(Excerpts from a dataset)
(* Let $G$ be a finite simple graph, let $V_1\subset V(G)$ and $V_2 = V(G)\setminus V_1$ with both $V_1,V_2$ nonempty, and let $G_1=G(V_1)$. Write $V=V(G)$. Assume that $\max_{x,y\in V}\delta(x,y)\le 2$ (the contracted diameter of $V$ is at most $2$). Let $[S,\bar S]$ be an edge cut of $G$ with $V_2\subset S$, and let $k = \min_{x\in V_1}\deg_G(x)$. Assume $k > |[S,\bar S]|$. Then: 1. there exists $\bar s\in\bar S$ with $\delta(\bar s,S)=2$; 2. for every $s\in S$, $\delta(s,\bar S)=1$; 3. $|S\cap V_1| < |[S,\bar S]| < k < |\bar S|$; 4. $S\cap V_1\subset \partial^2 V_1$ and $\bar S\supset i^2 V_1$; 5. $\Phi\le |[S,\bar S]|$.
   Context: For $A,B\subset V(G)$, $[A,B]$ denotes the set of edges $ab$ of $G$ with $a\in A$, $b\in B$ (edges are unoriented, so $[A,B]=[B,A]$); $[v,A]$ means $[\{v\},A]$. $\deg_G(v)=|[v,V(G)]|$. For $A\subset V(G)$, $G(A)$ is the induced subgraph on $A$. $d_G(v,w)$ is the graph distance in $G$ and $d_G(v,A)=\min_{w\in A}d_G(v,w)$. An edge cut is a set $[S,\bar S]$ where $\emptyset\ne S\subsetneq V(G)$ and $\bar S=V(G)\setminus S$. Contracted distance: for $x,y\in V_1$, $\delta(x,y)=\min\{d_{G_1}(x,y),\, d_G(x,V_2)+d_G(y,V_2)\}$; for $x\in V$ and $y\in V_2$, $\delta(x,y)=\delta(y,x)=d_G(x,V_2)$. For $x\in V$ and $A\subset V$, $\delta(x,A)=\min_{a\in A}\delta(x,a)$. For $j\ge 1$: $\partial^j V_1=\{x\in V_1: |[x,V_2]|\ge j\}$ and $i^j V_1=\{x\in V_1: |[x,V_2]|<j\}$. $\Phi=\sum_{x\in V_1}\min\{\max\{1,|[x,i^2V_1]|\},\,|[x,V_2]|\}$. *)

theory Defs
  imports Main "HOL-Library.Extended_Nat"
begin

definition simple_graph :: "'a set \<Rightarrow> ('a \<Rightarrow> 'a \<Rightarrow> bool) \<Rightarrow> bool" where
  "simple_graph V E \<longleftrightarrow> finite V \<and> (\<forall>x y. E x y \<longrightarrow> E y x) \<and> (\<forall>x. \<not> E x x)
     \<and> (\<forall>x y. E x y \<longrightarrow> x \<in> V \<and> y \<in> V)"

definition edges_between :: "('a \<Rightarrow> 'a \<Rightarrow> bool) \<Rightarrow> 'a set \<Rightarrow> 'a set \<Rightarrow> 'a set set" where
  "edges_between E A B = {{a, b} | a b. a \<in> A \<and> b \<in> B \<and> E a b}"

definition degree :: "'a set \<Rightarrow> ('a \<Rightarrow> 'a \<Rightarrow> bool) \<Rightarrow> 'a \<Rightarrow> nat" where
  "degree V E v = card (edges_between E {v} V)"

text \<open>Graph distance in the induced subgraph on A (infinite if no path).\<close>
definition gdist :: "('a \<Rightarrow> 'a \<Rightarrow> bool) \<Rightarrow> 'a set \<Rightarrow> 'a \<Rightarrow> 'a \<Rightarrow> enat" where
  "gdist E A x y = (INF n \<in> {n. \<exists>xs. length xs = Suc n \<and> hd xs = x \<and> last xs = y
        \<and> set xs \<subseteq> A \<and> (\<forall>i<n. E (xs ! i) (xs ! Suc i))}. enat n)"

definition gdist_set :: "('a \<Rightarrow> 'a \<Rightarrow> bool) \<Rightarrow> 'a set \<Rightarrow> 'a \<Rightarrow> 'a set \<Rightarrow> enat" where
  "gdist_set E V x A = (INF a \<in> A. gdist E V x a)"

definition cdist :: "('a \<Rightarrow> 'a \<Rightarrow> bool) \<Rightarrow> 'a set \<Rightarrow> 'a set \<Rightarrow> 'a \<Rightarrow> 'a \<Rightarrow> enat" where
  "cdist E V V1 x y =
     (if x \<in> V1 \<and> y \<in> V1 then
        min (gdist E V1 x y) (gdist_set E V x (V - V1) + gdist_set E V y (V - V1))
      else if y \<notin> V1 then gdist_set E V x (V - V1)
      else gdist_set E V y (V - V1))"

definition cdist_set :: "('a \<Rightarrow> 'a \<Rightarrow> bool) \<Rightarrow> 'a set \<Rightarrow> 'a set \<Rightarrow> 'a \<Rightarrow> 'a set \<Rightarrow> enat" where
  "cdist_set E V V1 x A = (INF a \<in> A. cdist E V V1 x a)"

definition bdry :: "('a \<Rightarrow> 'a \<Rightarrow> bool) \<Rightarrow> 'a set \<Rightarrow> 'a set \<Rightarrow> nat \<Rightarrow> 'a set" where
  "bdry E V V1 j = {x \<in> V1. card (edges_between E {x} (V - V1)) \<ge> j}"

definition intr :: "('a \<Rightarrow> 'a \<Rightarrow> bool) \<Rightarrow> 'a set \<Rightarrow> 'a set \<Rightarrow> nat \<Rightarrow> 'a set" where
  "intr E V V1 j = {x \<in> V1. card (edges_between E {x} (V - V1)) < j}"

definition Phi :: "('a \<Rightarrow> 'a \<Rightarrow> bool) \<Rightarrow> 'a set \<Rightarrow> 'a set \<Rightarrow> nat" where
  "Phi E V V1 = (\<Sum>x\<in>V1. min (max 1 (card (edges_between E {x} (intr E V V1 2))))
                              (card (edges_between E {x} (V - V1))))"

end

theory Submission
  imports Defs
begin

### Instructions to follow:
Output, and output only, the lines from the one containing "E V V1 2))))" through the last line of the data above.

### Exercise solution:
  "Phi E V V1 = (\<Sum>x\<in>V1. min (max 1 (card (edges_between E {x} (intr E V V1 2))))
                              (card (edges_between E {x} (V - V1))))"

end

theory Submission
  imports Defs
begin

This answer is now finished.